La vida para Elías jamás volvió a ser la misma. Volvía al hospital, pero su trato con los pacientes era ambiguo, feroz; sentía deseos y odios que no le pertenecían, percibía, incluso al caminar por los pasillos, los pensamientos de quienes habían participado en el rito, como un eco sordo y perenne. Durante el día, lograba mantener el control, aunque por las noches se rendía ante pesadillas de las que despertaba anegado en sudores fríos y súbito deseo de autodestrucción. La llave aparecía en sus sueños, abriendo y cerrando puertas, pero detrás de cada una sólo aguardaban recuerdos monstruosos, imposibles de expiar.

Pasaron semanas, quizá meses; el tiempo perdió sentido para él. Una noche, sin poder soportar la presión de esas vivencias extranjeras, huyó hasta el caserón, impulsado por una fuerza irrefrenable. La puerta cedió ante su toque con la facilidad de una boca hambrienta. Dentro, la atmósfera era aún más densa; las paredes mismas parecían reírlse de su infortunio. Y allí, aguardándolo, encontraba al líder y a los demás, como si nunca se hubieran marchado. Lo más atroz, sin embargo, era la ausencia de palabras; todo el diálogo ocurría en las regiones invisibles de la mente, donde la carne y el pensamiento se funden y sólo queda la Experiencia pura.

La segunda vez, el intercambio fue delimitado a las pesadillas. Traspasaron el umbral de miedos indescriptibles, monstruosidades que no pertenecían a ninguna lógica humana. Elías vio —y sintió— lo que es ser devorado por entidades sin rostro, flotar por eones en la oscuridad interestelar mientras su alma se descomponía, y el gozo perverso de infligir a otros horrores semejantes. Regresó a su lecho con la noción de haber perdido el último jirón de cordura que le restaba. El hospital, los pacientes, la vida diaria, todo se volvió insípido, secundario, casi irreal.

Como un virus, la Experiencia lo corroía. Sus comportamientos cambiaron; por momentos, se descubría releyendo diarios ajenos, robando pequeños objetos para provocar la punzada súbita del peligro, y hasta deseando —con pavor y secreto deleite— la muerte de algunos pacientes particularmente indefensos. Una noche, tras una consulta con un interno obsesionado por la idea del canibalismo ritual, Elías se sorprendió pasando la lengua por su propio antebrazo, imaginando el sabor de la carne.

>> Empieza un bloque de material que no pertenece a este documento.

lemma (in prob_space) indep_rvs_distr_Pair:
  assumes indep: "indep_rvs M Ma X Mb Y"
  shows "distr M (Ma \<Otimes>\<^sub>M Mb) (\<lambda>\<omega>. (X \<omega>, Y \<omega>)) = distr M Ma X \<Otimes>\<^sub>M distr M Mb Y"
proof -
  have X: "X \<in> measurable M Ma" and Y: "Y \<in> measurable M Mb"
    and ind: "indep_set {X -` A \<inter> space M | A. A \<in> sets Ma} {Y -` B \<inter> space M | B. B \<in> sets Mb}"
    using indep unfolding indep_rvs_def by auto
  interpret X: prob_space "distr M Ma X" using X by (rule prob_space_distr)
  interpret Y: prob_space "distr M Mb Y" using Y by (rule prob_space_distr)
  show ?thesis
  proof (rule pair_measure_eqI[symmetric])
    fix A B assume A: "A \<in> sets (distr M Ma X)" and B: "B \<in> sets (distr M Mb Y)"
    have "(\<lambda>\<omega>. (X \<omega>, Y \<omega>)) -` (A \<times> B) \<inter> space M = (X -` A \<inter> space M) \<inter> (Y -` B \<inter> space M)"
      by auto
    moreover have "prob ((X -` A \<inter> space M) \<inter> (Y -` B \<inter> space M))
        = prob (X -` A \<inter> space M) * prob (Y -` B \<inter> space M)"
      using A B by (intro indep_setD[OF ind]) auto
    ultimately show "emeasure (distr M Ma X) A * emeasure (distr M Mb Y) B
        = emeasure (distr M (Ma \<Otimes>\<^sub>M Mb) (\<lambda>\<omega>. (X \<omega>, Y \<omega>))) (A \<times> B)"
      using A B X Y by (simp add: emeasure_distr emeasure_eq_measure ennreal_mult)
  qed (auto intro: X.sigma_finite_measure Y.sigma_finite_measure)
qed

lemma emeasure_density_le_bound:
  assumes "V \<in> borel_measurable N" and "AE x in N. V x \<le> c" and "S \<in> sets N"
  shows "emeasure (density N V) S \<le> c * emeasure N S"
proof -
  have "emeasure (density N V) S = (\<integral>\<^sup>+x. V x * indicator S x \<partial>N)"
    using assms by (simp add: emeasure_density)
  also have "\<dots> \<le> (\<integral>\<^sup>+x. c * indicator S x \<partial>N)"
    using assms(2) by (intro nn_integral_mono_AE) (auto elim!: eventually_mono intro: mult_right_mono)
  also have "\<dots> = c * emeasure N S"
    using assms(3) by (rule nn_integral_cmult_indicator)
  finally show ?thesis .
qed

lemma emeasure_lborel_threshold_disagreement:
  fixes a b :: real
  shows "emeasure lborel {x. (x + a \<le> 0) \<noteq> (x + b \<le> 0)} = ennreal \<bar>a - b\<bar>"
proof -
  have "{x. (x + a \<le> 0) \<noteq> (x + b \<le> 0)} = {min (- a) (- b)<..max (- a) (- b)}" by auto
  then show ?thesis by (simp add: max_def min_def abs_if)
qed

lemma (in finite_measure) finite_measure_abs_diff_le_sym_diff:
  assumes "A \<in> sets M" "B \<in> sets M"
  shows "\<bar>measure M A - measure M B\<bar> \<le> measure M (sym_diff A B)"
proof -
  have "measure M (sym_diff A B) = measure M (A - B) + measure M (B - A)"
    using assms by (intro finite_measure_Union) auto
  moreover have "measure M A - measure M B = measure M (A - B) - measure M (B - A)"
    using assms by (simp add: finite_measure_Diff' Int_commute)
  ultimately show ?thesis
    using measure_nonneg[of M "A - B"] measure_nonneg[of M "B - A"] by linarith
qed

lemma (in prob_space) indep_rvs_path_infima:
  fixes Y1 Y2 :: "real \<Rightarrow> 'a \<Rightarrow> real"
  assumes indep: "indep_rvs M Ma X (PiM {0..} (\<lambda>_. borel \<Otimes>\<^sub>M borel)) (\<lambda>\<omega>. \<lambda>s\<in>{0..}. (Y1 s \<omega>, Y2 s \<omega>))"
    and cadlag1: "\<And>\<omega>. \<omega> \<in> space M \<Longrightarrow> cadlag_on_nonneg (\<lambda>s. Y1 s \<omega>)"
    and cadlag2: "\<And>\<omega>. \<omega> \<in> space M \<Longrightarrow> cadlag_on_nonneg (\<lambda>s. Y2 s \<omega>)"
    and "0 \<le> t"
  shows "indep_rvs M Ma X (borel \<Otimes>\<^sub>M borel) (\<lambda>\<omega>. (INF s\<in>{0..t}. Y1 s \<omega>, INF s\<in>{0..t}. Y2 s \<omega>))"
proof (rule indep_rvs_compose_right[OF indep])
  let ?D = "insert t ({0..t} \<inter> \<rat>)"
  let ?g = "\<lambda>p :: real \<Rightarrow> real \<times> real. (INF q\<in>?D. fst (p q), INF q\<in>?D. snd (p q))"
  have "?D \<subseteq> {0..}" using \<open>0 \<le> t\<close> by auto
  have "(\<lambda>p. p q) \<in> measurable (PiM {0..} (\<lambda>_. borel \<Otimes>\<^sub>M borel)) (borel \<Otimes>\<^sub>M borel)" if "q \<in> ?D" for q
    using that \<open>?D \<subseteq> {0..}\<close> by (intro measurable_component_singleton) auto
  then show "?g \<in> measurable (PiM {0..} (\<lambda>_. borel \<Otimes>\<^sub>M borel)) (borel \<Otimes>\<^sub>M borel)"
    by (intro measurable_Pair borel_measurable_cINF_real countable_insert countable_Int2 countable_rat
          measurable_compose[OF _ measurable_fst] measurable_compose[OF _ measurable_snd])
  fix \<omega> assume "\<omega> \<in> space M"
  then show "(INF s\<in>{0..t}. Y1 s \<omega>, INF s\<in>{0..t}. Y2 s \<omega>) = ?g (\<lambda>s\<in>{0..}. (Y1 s \<omega>, Y2 s \<omega>))"
    using \<open>?D \<subseteq> {0..}\<close> cadlag1 cadlag2 \<open>0 \<le> t\<close>
    by (auto simp: cadlag_on_nonneg_INF_eq_INF_rats intro!: INF_cong)
qed

lemma (in prob_space) emeasure_threshold_disagreement_le:
  fixes X :: "'a \<Rightarrow> real" and W :: "'a \<Rightarrow> real \<times> real"
  assumes density: "distributed M lborel X V"
    and bound: "AE x in lborel. V x \<le> c"
    and indep: "indep_rvs M borel X (borel \<Otimes>\<^sub>M borel) W"
  shows "emeasure M {\<omega>\<in>space M. (X \<omega> + fst (W \<omega>) \<le> 0) \<noteq> (X \<omega> + snd (W \<omega>) \<le> 0)}
      \<le> c * (\<integral>\<^sup>+\<omega>. ennreal \<bar>fst (W \<omega>) - snd (W \<omega>)\<bar> \<partial>M)"
proof -
  have [measurable]: "X \<in> borel_measurable M" "W \<in> measurable M (borel \<Otimes>\<^sub>M borel)"
    using indep unfolding indep_rvs_def by auto
  let ?\<mu> = "distr M borel X" and ?\<nu> = "distr M (borel \<Otimes>\<^sub>M borel) W"
  interpret \<mu>\<nu>: pair_prob_space ?\<mu> ?\<nu>
    by (simp add: pair_prob_space_def pair_sigma_finite_def prob_space_distr prob_space_imp_sigma_finite)
  define S :: "(real \<times> real \<times> real) set"
    where "S = {z. (fst z + fst (snd z) \<le> 0) \<noteq> (fst z + snd (snd z) \<le> 0)}"
  have "{z \<in> space (borel \<Otimes>\<^sub>M (borel \<Otimes>\<^sub>M borel)).
          (fst z + fst (snd z) \<le> (0::real)) \<noteq> (fst z + snd (snd z) \<le> 0)}
      \<in> sets (borel \<Otimes>\<^sub>M (borel \<Otimes>\<^sub>M borel))"
    by measurable
  then have S[measurable]: "S \<in> sets (borel \<Otimes>\<^sub>M (borel \<Otimes>\<^sub>M borel))"
    by (simp add: S_def space_pair_measure)
  have slice: "emeasure ?\<mu> ((\<lambda>x. (x, w)) -` S) \<le> c * ennreal \<bar>fst w - snd w\<bar>" for w
  proof -
    let ?I = "{x. (x + fst w \<le> 0) \<noteq> (x + snd w \<le> 0)}"
    have [measurable]: "?I \<in> sets borel" by measurable
    have "emeasure ?\<mu> ?I = emeasure (distr M lborel X) ?I"
      by (simp add: emeasure_distr)
    also have "\<dots> = emeasure (density lborel V) ?I"
      using density unfolding distributed_def by simp
    also have "\<dots> \<le> c * emeasure lborel ?I"
      using density bound unfolding distributed_def by (intro emeasure_density_le_bound) auto
    also have "\<dots> = c * ennreal \<bar>fst w - snd w\<bar>"
      by (simp only: emeasure_lborel_threshold_disagreement)
    finally show ?thesis by (simp add: S_def)
  qed
  have "emeasure M {\<omega>\<in>space M. (X \<omega> + fst (W \<omega>) \<le> 0) \<noteq> (X \<omega> + snd (W \<omega>) \<le> 0)}
      = emeasure (distr M (borel \<Otimes>\<^sub>M (borel \<Otimes>\<^sub>M borel)) (\<lambda>\<omega>. (X \<omega>, W \<omega>))) S"
  proof -
    have "(\<lambda>\<omega>. (X \<omega>, W \<omega>)) -` S \<inter> space M
        = {\<omega>\<in>space M. (X \<omega> + fst (W \<omega>) \<le> 0) \<noteq> (X \<omega> + snd (W \<omega>) \<le> 0)}"
      by (auto simp: S_def)
    then show ?thesis by (simp add: emeasure_distr)
  qed
  also have "\<dots> = emeasure (?\<mu> \<Otimes>\<^sub>M ?\<nu>) S"
    using indep_rvs_distr_Pair[OF indep] by simp
  also have "\<dots> = (\<integral>\<^sup>+w. emeasure ?\<mu> ((\<lambda>x. (x, w)) -` S) \<partial>?\<nu>)"
    by (rule \<mu>\<nu>.emeasure_pair_measure_alt2) simp
  also have "\<dots> \<le> (\<integral>\<^sup>+w. c * ennreal \<bar>fst w - snd w\<bar> \<partial>?\<nu>)"
    by (intro nn_integral_mono slice)
  also have "\<dots> = (\<integral>\<^sup>+\<omega>. c * ennreal \<bar>fst (W \<omega>) - snd (W \<omega>)\<bar> \<partial>M)"
    by (simp add: nn_integral_distr)
  also have "\<dots> = c * (\<integral>\<^sup>+\<omega>. ennreal \<bar>fst (W \<omega>) - snd (W \<omega>)\<bar> \<partial>M)"
    by (simp add: nn_integral_cmult)
  finally show ?thesis .
qed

Alarmado al principio, se obligó a buscar ayuda profesional. Se entrevistó con colegas, confesando sus síntomas, aunque nunca la Verdad. Todos diagnosticaban “estrés profundo”, “depresión existencial”, “agotamiento extremo”. Nadie, ni siquiera el antiguo y experimentado doctor Rosales, supo entrever el auténtico horror que lo devoraba.

Enloquecido, Elías decidió atentar contra la fuente misma del mal. Estudió la historia de la mansión en la Calle Herrera y localizó antiguos planos municipales. Según los documentos, bajo el caserón existía una cripta olvidada, sellada desde un incendio en 1923 que había provocado la muerte de innumerables asistentes de un culto prohibido.

Buyó una noche con una lámpara y herramientas. El olor a humedad y podredumbre era casi impenetrable. Halló una trampilla semioculta bajo la moqueta podrida y descendió. Allí, en la negrura, el hedor era más atroz aún que el recuerdo del cuenco viscoso. De las paredes colgaban símbolos grotescos, tallados con sangre, y el suelo estaba cubierto de huesos humanos de diferentes tamaños y antigüedad.

En el centro de la cripta se erguía una estatua de piedra, tan antigua que la erosión había borrado todo rasgo reconocible excepto por la boca, un orificio antinatural que parecía pulsar con vida propia. La visión de la “boca” lo hizo comprender la naturaleza del intercambio: la estatua era la fuente de la llave, el pozo de donde extraían esas experiencias. Atormentado, Elías trató de destruirla, pero antes de poder mover un solo músculo, la boca se abrió.

Un viento frío brotó de lo profundo, y voces —voces de los mil y un recuerdos que había robado, de las almas vagabundas— invadieron su mente. El doctor comprendió que nunca podría suprimir lo recibido. Podía destruir la llave física, mas jamás lo que contenía ya en su interior. La estatua sólo le devolvió una última experiencia, la única realmente propia: el sabor del miedo final, el abandono infinito ante el abismo, la certidumbre irrevocable de que su vida —y su alma— ya no le pertenecían.

Desde esa noche, nadie volvió a ver al doctor Elías con la mirada intacta. Era un hombre hueco, apenas sombra de sí mismo. Enfermó, se consumió, y una mañana simplemente dejó de aparecer. Alguien encontró, sobre su escritorio, una carta. Decía: “Lo que he vivido está más allá de lo humano. Si las experiencias forman el alma, la mía ha sido desmembrada y alimentada a monstruos que acechan desde las sombras. No abran nunca más esa puerta.”

Pero a veces, aún bajo la luz mortecina de San Urbano, cuando la brisa sopla desde el río y el hospital duerme, se oye el eco de un lamento detrás de las paredes; y quienes lo escuchan se sienten, por breves y terribles segundos, portadores de miedos y deseos que no les pertenecen. Porque, a su pesar, la llave jamás desaparece: sólo cambia de manos y de sueños. Y así, el ciclo se renueva, siempre bajo el reinado de lo innombrable.

FIN.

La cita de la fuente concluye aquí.